Cairo urges all parties to abide by the accord, which will go into effect on Saturday.
An Egyptian-mediated truce between Israel and the Palestinian Authority in the Gaza Strip went into effect at 10 p.m. local time on Saturday. Israel accepted the cease-fire but refused the Islamic Jihad’s demand that it stops all targeted killings. According to the Israeli publication Haaretz, they cited an official Israeli source.
Abdel Fattah al-Sisi was congratulated by the office of Israeli Prime Minister Benjamin Netanyahu for Egypt’s “resolute efforts” to mediate a cease-fire. “Quiet will be answered with quiet,” the Israeli statement said, “and if Israel is attacked or provoked, it will take whatever steps are necessary to defend itself.”
Cairo, for its part, urged all parties to uphold the deal, according to a report by Egypt’s Al-Qahera News television network.
“The two sides will abide by the ceasefire which will include an end to targeting civilians, house demolition, and an end to targeting individuals immediately when the ceasefire goes into effect,” said a draft of the agreement obtained by Reuters.
Minutes before the deadline of 10 p.m., reports of missile attacks from both sides surfaced. Israel’s military said it had targeted six operational command positions of the Islamic Jihad organization.
Calm after the storm
However, after the deadline, a tenuous calm developed, with Israel being cautioned against further attacks by the Joint Command, an organization that unites the armed organizations in the Gaza Strip, including Hamas and the Islamic Jihad.
“The resistance forces [in Gaza] are drawing to a close the conflict with unity and resoluteness, and they warn the enemy against reverting to the practice of targeted killings. The group issued a statement after the cease-fire took effect, saying, “We are prepared with a firm hand on the trigger, and if you return, we will return.

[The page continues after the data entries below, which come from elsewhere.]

lemma fields_elementary:
  "u \<in> elementary \<Omega> \<alpha>" "v \<in> elementary \<Omega> \<alpha>" "w \<in> elementary \<Omega> \<alpha>"
  "H1 \<in> elementary \<Omega> \<alpha>" "H2 \<in> elementary \<Omega> \<alpha>" "H3 \<in> elementary \<Omega> \<alpha>" "p \<in> elementary \<Omega> \<alpha>"
proof -
  have "(\<lambda>t x y z. \<kappa> t) \<in> elementary \<Omega> \<alpha>" "(\<lambda>t x y z. \<kappa>' t) \<in> elementary \<Omega> \<alpha>"
    unfolding \<kappa>_def \<kappa>'_def using \<alpha>'_nonzero
    by (auto intro!: elementary_intros elementary_divide simp: \<Omega>_def)
  moreover have "X \<in> elementary \<Omega> \<alpha>" "Y \<in> elementary \<Omega> \<alpha>"
    unfolding X_def Y_def by (intro elementary_intros)+
  ultimately show "u \<in> elementary \<Omega> \<alpha>" "v \<in> elementary \<Omega> \<alpha>" "w \<in> elementary \<Omega> \<alpha>"
    "H1 \<in> elementary \<Omega> \<alpha>" "H2 \<in> elementary \<Omega> \<alpha>" "H3 \<in> elementary \<Omega> \<alpha>" "p \<in> elementary \<Omega> \<alpha>"
    unfolding u_def v_def w_def H1_def H2_def H3_def p_def
    by (auto intro!: elementary_intros elementary_divide simp: \<Omega>_def)
qed

lemma fields_regular:
  "regular \<Omega> u" "regular \<Omega> v" "regular \<Omega> w" "regular \<Omega> H1" "regular \<Omega> H2" "regular \<Omega> H3"
  using elementary_regular[OF open_\<Omega> profiles_differentiable_\<Omega>] fields_elementary by blast+

(* Second derivatives of the velocity, obtained from the first-derivative fields by locality. *)
lemma velocity_second_derivatives:
  assumes q: "(t, x, y, z) \<in> \<Omega>"
  shows "pdx (pdx u) t x y z = - 12 * \<nu> * cos (\<alpha> t) * ((cos (\<alpha> t))\<^sup>2 - (sin (\<alpha> t))\<^sup>2) / (X t x y z) ^ 3
           + 12 * \<nu> * (sin (\<alpha> t))\<^sup>2 * cos (\<alpha> t) / (X t x y z) ^ 3
           + 36 * \<nu> * sin (\<alpha> t) * (cos (\<alpha> t))\<^sup>2 * Y t x y z / (X t x y z) ^ 4" (is ?u_xx)
    and "pdy (pdy u) t x y z = - 36 * \<nu> * (sin (\<alpha> t))\<^sup>2 * cos (\<alpha> t) / (X t x y z) ^ 3
           + 36 * \<nu> * (sin (\<alpha> t)) ^ 3 * Y t x y z / (X t x y z) ^ 4" (is ?u_yy)
    and "pdx (pdx v) t x y z = - 36 * \<nu> * sin (\<alpha> t) * (cos (\<alpha> t))\<^sup>2 / (X t x y z) ^ 3
           - 36 * \<nu> * (cos (\<alpha> t)) ^ 3 * Y t x y z / (X t x y z) ^ 4" (is ?v_xx)
    and "pdy (pdy v) t x y z = - 12 * \<nu> * sin (\<alpha> t) * ((sin (\<alpha> t))\<^sup>2 - (cos (\<alpha> t))\<^sup>2) / (X t x y z) ^ 3
           + 12 * \<nu> * sin (\<alpha> t) * (cos (\<alpha> t))\<^sup>2 / (X t x y z) ^ 3
           - 36 * \<nu> * (sin (\<alpha> t))\<^sup>2 * cos (\<alpha> t) * Y t x y z / (X t x y z) ^ 4" (is ?v_yy)
proof -
  have local: "pdx (pdx u) t x y z = pdx ux t x y z" "pdy (pdy u) t x y z = pdy uy t x y z"
    "pdx (pdx v) t x y z = pdx vx t x y z" "pdy (pdy v) t x y z = pdy vy t x y z"
    by (rule pd_local[OF open_\<Omega> _ q, where i = 1, folded pd_indices]
          pd_local[OF open_\<Omega> _ q, where i = 2, folded pd_indices];
        simp add: u_derivatives v_derivatives)+
  show ?u_xx and ?u_yy and ?v_xx and ?v_yy
    using \<Omega>_memberD(2)[OF q] unfolding local ux_def uy_def vx_def vy_def
    by (intro pd_eqI; auto intro!: field_DERIV simp: fraction_simps)+
qed

(* Pointwise values of w and H, used instead of their definitions so that the derivative
   fields of w and H are not unfolded. *)
lemma field_values:
  "w t x y z = 2 * \<kappa> t * z"
  "H1 t x y z = - (a * X t x y z + b * Y t x y z) * sin (\<alpha> t)"
  "H2 t x y z = (a * X t x y z + b * Y t x y z) * cos (\<alpha> t)"
  "H3 t x y z = - b * z"
  by (simp_all add: w_def H1_def H2_def H3_def)

lemmas pointwise_derivatives = u_derivatives v_derivatives velocity_second_derivatives pressure_derivatives
lemmas derivative_fields = trivial_derivative_fields linear_derivative_fields

lemmas equation_simps = conv_def cr1_def cr2_def cr3_def rot1_def rot2_def rot3_def lap_def
  derivative_fields time_derivatives velocity_in_frame field_values ux_def uy_def vx_def vy_def field_simps

lemma incompressibility:
  assumes q: "(t, x, y, z) \<in> \<Omega>"
  shows "pdx u t x y z + pdy v t x y z + pdz w t x y z = 0" (is ?div_velocity)
    and "pdx H1 t x y z + pdy H2 t x y z + pdz H3 t x y z = 0" (is ?div_magnetic)
proof -
  show ?div_velocity
    using \<Omega>_memberD(2)[OF q] by (simp add: pointwise_derivatives[OF q] equation_simps)
  show ?div_magnetic
    by (simp add: equation_simps) (use sin_cos_squared_add[of "\<alpha> t"] in algebra)
qed

(* The momentum equations: after inserting all derivatives and passing to the rotating
   frame they reduce to identities between rational functions of X, Y, cos alpha, sin alpha. *)
lemma momentum_equations:
  assumes q: "(t, x, y, z) \<in> \<Omega>"
  shows "pdt u t x y z + conv u v w u t x y z
        - \<mu> * cr1 H1 H2 H3 (rot1 H1 H2 H3) (rot2 H1 H2 H3) (rot3 H1 H2 H3) t x y z
        + (1 / \<rho>) * pdx p t x y z = \<nu> * lap u t x y z" (is ?momentum_u)
    and "pdt v t x y z + conv u v w v t x y z
        - \<mu> * cr2 H1 H2 H3 (rot1 H1 H2 H3) (rot2 H1 H2 H3) (rot3 H1 H2 H3) t x y z
        + (1 / \<rho>) * pdy p t x y z = \<nu> * lap v t x y z" (is ?momentum_v)
    and "pdt w t x y z + conv u v w w t x y z
        - \<mu> * cr3 H1 H2 H3 (rot1 H1 H2 H3) (rot2 H1 H2 H3) (rot3 H1 H2 H3) t x y z
        + (1 / \<rho>) * pdz p t x y z = \<nu> * lap w t x y z" (is ?momentum_w)
proof -
  note nonzero = \<Omega>_memberD[OF q] \<rho>_nonzero
  note identities = \<kappa>_relation[OF \<Omega>_memberD(1)[OF q]] sin_cos_squared_add[of "\<alpha> t"]
  show ?momentum_u
    using nonzero by (simp add: pointwise_derivatives[OF q] equation_simps) (use identities in algebra)
  show ?momentum_v
    using nonzero by (simp add: pointwise_derivatives[OF q] equation_simps) (use identities in algebra)
  show ?momentum_w
    using nonzero by (simp add: pointwise_derivatives[OF q] equation_simps power2_eq_square)
qed

(* The induction equations; the Laplacian of the linear field H vanishes. *)
lemma induction_equations:
  assumes q: "(t, x, y, z) \<in> \<Omega>"
  shows "pdt H1 t x y z = rot1 (cr1 u v w H1 H2 H3) (cr2 u v w H1 H2 H3) (cr3 u v w H1 H2 H3) t x y z
        + \<eta> * lap H1 t x y z" (is ?induction_1)
    and "pdt H2 t x y z = rot2 (cr1 u v w H1 H2 H3) (cr2 u v w H1 H2 H3) (cr3 u v w H1 H2 H3) t x y z
        + \<eta> * lap H2 t x y z" (is ?induction_2)
    and "pdt H3 t x y z = rot3 (cr1 u v w H1 H2 H3) (cr2 u v w H1 H2 H3) (cr3 u v w H1 H2 H3) t x y z
        + \<eta> * lap H3 t x y z" (is ?induction_3)
proof -
  note nonzero = \<Omega>_memberD[OF q]
  note identities = \<kappa>_relation[OF \<Omega>_memberD(1)[OF q]] sin_cos_squared_add[of "\<alpha> t"]
  note curl = curl_cross_product[OF fields_regular q]
  show ?induction_1
    using nonzero unfolding curl
    by (simp add: pointwise_derivatives[OF q] equation_simps) (use identities in algebra)
  show ?induction_2
    using nonzero unfolding curl
    by (simp add: pointwise_derivatives[OF q] equation_simps) (use identities in algebra)
  show ?induction_3
    using nonzero unfolding curl
    by (simp add: pointwise_derivatives[OF q] equation_simps) (use identities in algebra)
qed

lemma mhd_solution: "MHD_solution \<nu> \<eta> \<mu> \<rho> \<Omega> u v w H1 H2 H3 p"
  unfolding MHD_solution_def
proof (intro conjI)
  show "\<forall>f\<in>{u, v, w, H1, H2, H3, p}. smooth4 \<Omega> f"
    using elementary_smooth4[OF open_\<Omega> profiles_differentiable_\<Omega>] fields_elementary by auto
qed (clarify; intro conjI incompressibility momentum_equations induction_equations; assumption)

end

theorem mainTheorem6:
  fixes \<alpha> :: "real \<Rightarrow> real" and I :: "real set"
    and a b \<nu> \<eta> \<mu>\<^sub>0 \<rho> :: real
    and \<kappa> :: "real \<Rightarrow> real"
    and X Y u v w H1 H2 H3 :: sfield
    and \<Omega> :: "(real \<times> real \<times> real \<times> real) set"
  assumes "\<nu> > 0" and "\<eta> > 0" and "\<mu>\<^sub>0 > 0" and "\<rho> > 0"
    and "is_interval I" and "open I"
    and "smooth1 I \<alpha>"
    and "\<forall>t\<in>I. deriv \<alpha> t \<noteq> 0"
  defines "\<kappa> \<equiv> \<lambda>t. deriv (deriv \<alpha>) t / (2 * deriv \<alpha> t) + \<mu>\<^sub>0 * a * b / (4 * deriv \<alpha> t)"
    and "X \<equiv> \<lambda>t x y z. x * cos (\<alpha> t) + y * sin (\<alpha> t)"
    and "Y \<equiv> \<lambda>t x y z. - x * sin (\<alpha> t) + y * cos (\<alpha> t)"
    and "\<Omega> \<equiv> {(t, x, y, z). t \<in> I \<and> X t x y z \<noteq> 0}"
    and "u \<equiv> \<lambda>t x y z. - \<kappa> t * x - deriv \<alpha> t * y - 6 * \<nu> * cos (\<alpha> t) / X t x y z
                      + 6 * \<nu> * sin (\<alpha> t) * Y t x y z / (X t x y z)\<^sup>2"
    and "v \<equiv> \<lambda>t x y z. deriv \<alpha> t * x - \<kappa> t * y - 6 * \<nu> * sin (\<alpha> t) / X t x y z
                      - 6 * \<nu> * cos (\<alpha> t) * Y t x y z / (X t x y z)\<^sup>2"
    and "w \<equiv> \<lambda>t x y z. 2 * \<kappa> t * z"
    and "H1 \<equiv> \<lambda>t x y z. - (a * X t x y z + b * Y t x y z) * sin (\<alpha> t)"
    and "H2 \<equiv> \<lambda>t x y z. (a * X t x y z + b * Y t x y z) * cos (\<alpha> t)"
    and "H3 \<equiv> \<lambda>t x y z. - b * z"
  shows "\<exists>p :: sfield. MHD_solution \<nu> \<eta> \<mu>\<^sub>0 \<rho> \<Omega> u v w H1 H2 H3 p"
proof -
  interpret flow: rotating_flow \<alpha> I \<nu> \<mu>\<^sub>0 \<rho> a b
    using assms(4,6-8) by unfold_locales auto
  have \<kappa>: "\<kappa> = flow.\<kappa>" and X: "X = flow.X" and Y: "Y = flow.Y"
    unfolding \<kappa>_def X_def Y_def by (simp_all add: fun_eq_iff flow.\<kappa>_def flow.X_def flow.Y_def)
  have "\<Omega> = flow.\<Omega>" "u = flow.u" "v = flow.v" "w = flow.w"
    "H1 = flow.H1" "H2 = flow.H2" "H3 = flow.H3"
    unfolding \<Omega>_def u_def v_def w_def H1_def H2_def H3_def \<kappa> X Y
    by (simp_all add: flow.\<Omega>_def flow.u_def flow.v_def flow.w_def flow.H1_def flow.H2_def flow.H3_def)
  then show ?thesis
    using flow.mhd_solution[of \<eta>] by blast
qed

end
lemma curvature_numerator_bound:
  fixes k K c y S g1 g2 :: real
  assumes "0 < k" "c * k = 2" "0 < y" "0 < S" "S \<le> 2 * y" and close: "\<bar>y - S\<bar> \<le> c * K * y^3"
    and slope: "\<bar>g1 + k * y\<bar> \<le> K * y^3" "\<bar>g1\<bar> \<le> 2 * k * y" and curv: "\<bar>g2 + k\<bar> \<le> K * y^2"
  shows "\<bar>- g2 * k^2 * S^3 + g1^3\<bar> \<le> 29 * k^2 * K * y^5"
proof -
  \<comment> \<open>Expand around the model values g1 = -k y, g2 = -k, S = y, for which the numerator vanishes.\<close>
  have expand: "- g2 * k^2 * S^3 + g1^3 = k^3 * ((S - y) * (S^2 + S * y + y^2)) - (g2 + k) * k^2 * S^3
      + (g1 + k * y) * (g1^2 - k * y * g1 + k^2 * y^2)"
    by (simp add: algebra_simps power2_eq_square power3_eq_cube)
  have "S^2 \<le> (2 * y)^2" using assms(4,5) by (intro power_mono) auto
  moreover have "S * y \<le> 2 * y^2" using assms(3,5) by (simp add: power2_eq_square)
  ultimately have "\<bar>S^2 + S * y + y^2\<bar> \<le> 7 * y^2"
    using assms(3,4) by (simp add: power_mult_distrib)
  then have "\<bar>k^3 * ((S - y) * (S^2 + S * y + y^2))\<bar> \<le> k^3 * ((c * K * y^3) * (7 * y^2))"
    using close assms(1) by (simp add: abs_mult abs_minus_commute mult_left_mono mult_mono)
  also have "\<dots> = 14 * k^2 * K * y^5"
    using assms(2) by (simp add: power_def numeral_eq_Suc algebra_simps)
  finally have t1: "\<bar>k^3 * ((S - y) * (S^2 + S * y + y^2))\<bar> \<le> 14 * k^2 * K * y^5" .
  have "S^3 \<le> (2 * y)^3" using assms(4,5) by (intro power_mono) auto
  have "\<bar>(g2 + k) * k^2 * S^3\<bar> = \<bar>g2 + k\<bar> * (k^2 * S^3)" using assms(4) by (simp add: abs_mult)
  also have "\<dots> \<le> (K * y^2) * (k^2 * (2 * y)^3)"
    using curv \<open>S^3 \<le> (2 * y)^3\<close> assms(4) by (intro mult_mono mult_left_mono) auto
  also have "\<dots> = 8 * k^2 * K * y^5" by (simp add: power_def numeral_eq_Suc algebra_simps)
  finally have t2: "\<bar>(g2 + k) * k^2 * S^3\<bar> \<le> 8 * k^2 * K * y^5" .
  have "g1^2 \<le> (2 * k * y)^2" using slope(2) by (metis abs_ge_zero power2_abs power_mono)
  moreover have "\<bar>k * y * g1\<bar> \<le> k * y * (2 * k * y)"
    using slope(2) assms(1,3) by (simp add: abs_mult mult_left_mono)
  moreover have "(2 * k * y)^2 = 4 * (k^2 * y^2)" "k * y * (2 * k * y) = 2 * (k^2 * y^2)"
    by (simp_all add: power_mult_distrib power2_eq_square)
  moreover have "0 \<le> g1^2" "0 \<le> k^2 * y^2" by simp_all
  ultimately have "\<bar>g1^2 - k * y * g1 + k^2 * y^2\<bar> \<le> 7 * k^2 * y^2"
    by (simp only: abs_le_iff) linarith
  then have "\<bar>(g1 + k * y) * (g1^2 - k * y * g1 + k^2 * y^2)\<bar> \<le> (K * y^3) * (7 * k^2 * y^2)"
    unfolding abs_mult using slope(1) by (intro mult_mono) auto
  also have "\<dots> = 7 * k^2 * K * y^5" by (simp add: power_def numeral_eq_Suc algebra_simps)
  finally have t3: "\<bar>(g1 + k * y) * (g1^2 - k * y * g1 + k^2 * y^2)\<bar> \<le> 7 * k^2 * K * y^5" .
  show ?thesis unfolding expand using t1 t2 t3 by linarith
qed
lemma inj_on_US_eigenvalue:
  assumes "distinct ps" and "\<forall>p\<in>set ps. prime p"
  shows "inj_on (US_eigenvalue ps) {a. length a = length ps}"
proof (rule inj_onI)
  fix a a' assume a: "a \<in> {a. length a = length ps}" "a' \<in> {a. length a = length ps}"
    and eq: "US_eigenvalue ps a = US_eigenvalue ps a'"
  have "a ! j = a' ! j" if "j < length ps" for j
    using multiplicity_US_eigenvalue[OF assms that] eq by metis
  then show "a = a'"
    using a by (intro nth_equalityI) auto
qed

lemma simple_eigenbasis_US:
  assumes "distinct ps" and "\<forall>p\<in>set ps. prime p"
  shows "simple_eigenbasis arr_scale (US ps) phi_tensor (\<lambda>a. of_nat (US_eigenvalue ps a))
           {a. length a = length ps}"
proof (intro simple_eigenbasis.intro linear_US simple_eigenbasis_axioms.intro)
  show "inj_on (\<lambda>a. of_nat (US_eigenvalue ps a) :: complex) {a. length a = length ps}"
    using inj_on_US_eigenvalue[OF assms] by (simp add: inj_on_def)
qed (simp_all add: US_phi_tensor phi_tensor_nonzero)

lemma has_sum_US_eigenvalue_powr:
  assumes "distinct ps" and "\<forall>p\<in>set ps. prime p" and "Re s > 0"
  shows "((\<lambda>a. of_nat (US_eigenvalue ps a) powr - s)
           has_sum (\<Prod>p\<in>set ps. 1 / (1 - of_nat p powr - s))) {a. length a = length ps}"
proof -
  let ?n = "length ps"
  define z where "z i = (of_nat (ps ! i) powr - s :: complex)" for i
  have "((\<lambda>g. \<Prod>i<?n. z i ^ g i) has_sum (\<Prod>i<?n. 1 / (1 - z i))) (PiE {..<?n} (\<lambda>_. UNIV))"
    using assms(2,3) unfolding z_def
    by (intro has_sum_prod_geometric_PiE norm_of_nat_powr_less_1) (auto intro: prime_ge_2_nat)
  moreover have "of_nat (US_eigenvalue ps a) powr - s = (\<Prod>i<?n. z i ^ a ! i)" for a
    unfolding US_eigenvalue_def of_nat_prod_powr of_nat_power_powr z_def ..
  moreover have "(\<Prod>i<?n. 1 / (1 - z i)) = (\<Prod>p\<in>set ps. 1 / (1 - of_nat p powr - s))"
    unfolding z_def using bij_betw_nth[OF assms(1) refl refl] by (rule prod.reindex_bij_betw)
  ultimately show ?thesis
    by (subst has_sum_reindex_bij_witness[where i = "\<lambda>g. map g [0..<?n]"
          and j = "\<lambda>a. restrict (nth a) {..<?n}"])
      (auto simp: PiE_iff extensional_def fun_eq_iff intro: nth_equalityI)
qed

lemma has_sum_zeta_term_US:
  assumes "distinct ps" and "\<forall>p\<in>set ps. prime p" and "Re s > 0"
  shows "(zeta_term arr_scale (US ps) (Hspace (length ps)) s
           has_sum (\<Prod>p\<in>set ps. 1 / (1 - of_nat p powr - s)))
           (spec arr_scale (US ps) (Hspace (length ps)) - {0})"
  unfolding Hspace_eq_span_phi_tensor
proof (rule simple_eigenbasis.has_sum_zeta_term_eigenbasis[OF simple_eigenbasis_US[OF assms(1,2)]])
  show "((\<lambda>a. of_nat (US_eigenvalue ps a) powr - s)
          has_sum (\<Prod>p\<in>set ps. 1 / (1 - of_nat p powr - s))) {a. length a = length ps}"
    using assms by (rule has_sum_US_eigenvalue_powr)
qed (use assms(2) in \<open>auto simp: prime_gt_0_nat US_eigenvalue_def\<close>)

theorem mainTheorem4:
  fixes ps :: "nat list" and s :: complex
  assumes "distinct ps" and "\<forall>p\<in>set ps. prime p" and "Re s > 0"
  shows "zeta_term arr_scale (US ps) (Hspace (length ps)) s
           summable_on (spec arr_scale (US ps) (Hspace (length ps)) - {0})
       \<and> spectral_zeta arr_scale (US ps) (Hspace (length ps)) s
           = (\<Prod>p\<in>set ps. spectral_zeta fps_scale (Uop p) Vspace s)
       \<and> (\<Prod>p\<in>set ps. spectral_zeta fps_scale (Uop p) Vspace s)
           = (\<Prod>p\<in>set ps. 1 / (1 - of_nat p powr (- s)))"
proof -
  note product = has_sum_zeta_term_US[OF assms]
  have "spectral_zeta fps_scale (Uop p) Vspace s = 1 / (1 - of_nat p powr - s)"
    if "p \<in> set ps" for p
    unfolding spectral_zeta_def using has_sum_zeta_term_Uop that assms(2,3) by (simp add: infsumI)
  then have "(\<Prod>p\<in>set ps. spectral_zeta fps_scale (Uop p) Vspace s)
      = (\<Prod>p\<in>set ps. 1 / (1 - of_nat p powr - s))"
    by (rule prod.cong[OF refl])
  moreover have "spectral_zeta arr_scale (US ps) (Hspace (length ps)) s
      = (\<Prod>p\<in>set ps. 1 / (1 - of_nat p powr - s))"
    unfolding spectral_zeta_def using product by (rule infsumI)
  ultimately show ?thesis
    using product by (auto simp: summable_on_def)
qed
(* Let $G$ be a compact Hausdorff topological group and let $X$ be a Hausdorff topological group on which $G$ acts (continuously) by topological group homomorphisms, such that $X$ is $G$-connected. Then $\mathbf{TC}_G(X)=\mathrm{cat}_G(X)$.
   Context: $X$ is $G$-connected if $X^H=\{x: hx=x\ \forall h\in H\}$ is path-connected for every closed subgroup $H\le G$. A $G$-homotopy is an equivariant homotopy with trivial action on $I$. An invariant set is $G$-categorical if its inclusion is $G$-homotopic to a map into a single orbit; $\mathrm{cat}_G(X)$ is the least number of open $G$-categorical sets covering $X$. $\mathbf{TC}_G(X)$ is the least $k$ such that $X\times X$ (diagonal action) is covered by $k$ $G$-invariant open sets $U_i$ each admitting a $G$-map $s\colon U_i\to X^I$ with $\pi s$ $G$-homotopic to the inclusion ($\infty$ if none); $X^I$ is the path space (compact-open topology, action $(g\gamma)(t)=g\gamma(t)$), $\pi(\gamma)=(\gamma(0),\gamma(1))$. *)

theory Defs
  imports "HOL-Analysis.Analysis" "HOL-Algebra.Group" "HOL-Library.Extended_Nat"
begin

definition topological_group :: "('a, 'b) monoid_scheme \<Rightarrow> 'a topology \<Rightarrow> bool" where
  "topological_group G T \<longleftrightarrow> group G \<and> topspace T = carrier G \<and>
     continuous_map (prod_topology T T) T (\<lambda>(x, y). x \<otimes>\<^bsub>G\<^esub> y) \<and>
     continuous_map T T (\<lambda>x. inv\<^bsub>G\<^esub> x)"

Even from the United States, Israel’s closest ally, there had been increasing demands for an agreement on a ceasefire.
According to the State Department, in a call to Israeli Strategic Affairs Minister Ron Dermer, US Deputy Secretary of State Wendy Sherman “stressed the urgency of reaching a ceasefire agreement in order to prevent any further loss of civilian life.”
Saturday denoted the fifth day of Israel’s barrage on the Gaza Strip, which has left somewhere around 33 Palestinians dead, something like 33% of whom were affirmed to have been regular people.
Six senior members of Palestinian Islamic Jihad, the second-largest armed group in Gaza after Hamas, were killed in Israel’s offensive, which was dubbed “Operation Shield and Arrow.”
The air strikes in Gaza have caused significant damage to civilian infrastructure, killed nearly three dozen people, and made many homeless.
Moayed al-Bahri, an occupant of Gaza‘s Beit Lehia, described to reporters the “frightening” minutes air strikes hit his area. Bahri stated, “I was sleeping when my wife woke me up to flee as Israel had warned the Banat family, our neighbor’s house.”
“I and my neighbors were forced to flee.” Men, ladies, youthful and old were shouting. Terrifying was the scene. We hid in a house with our relatives far away. He mentioned that a “high explosive rocket” had been used by Israel to bomb the house, causing significant damage.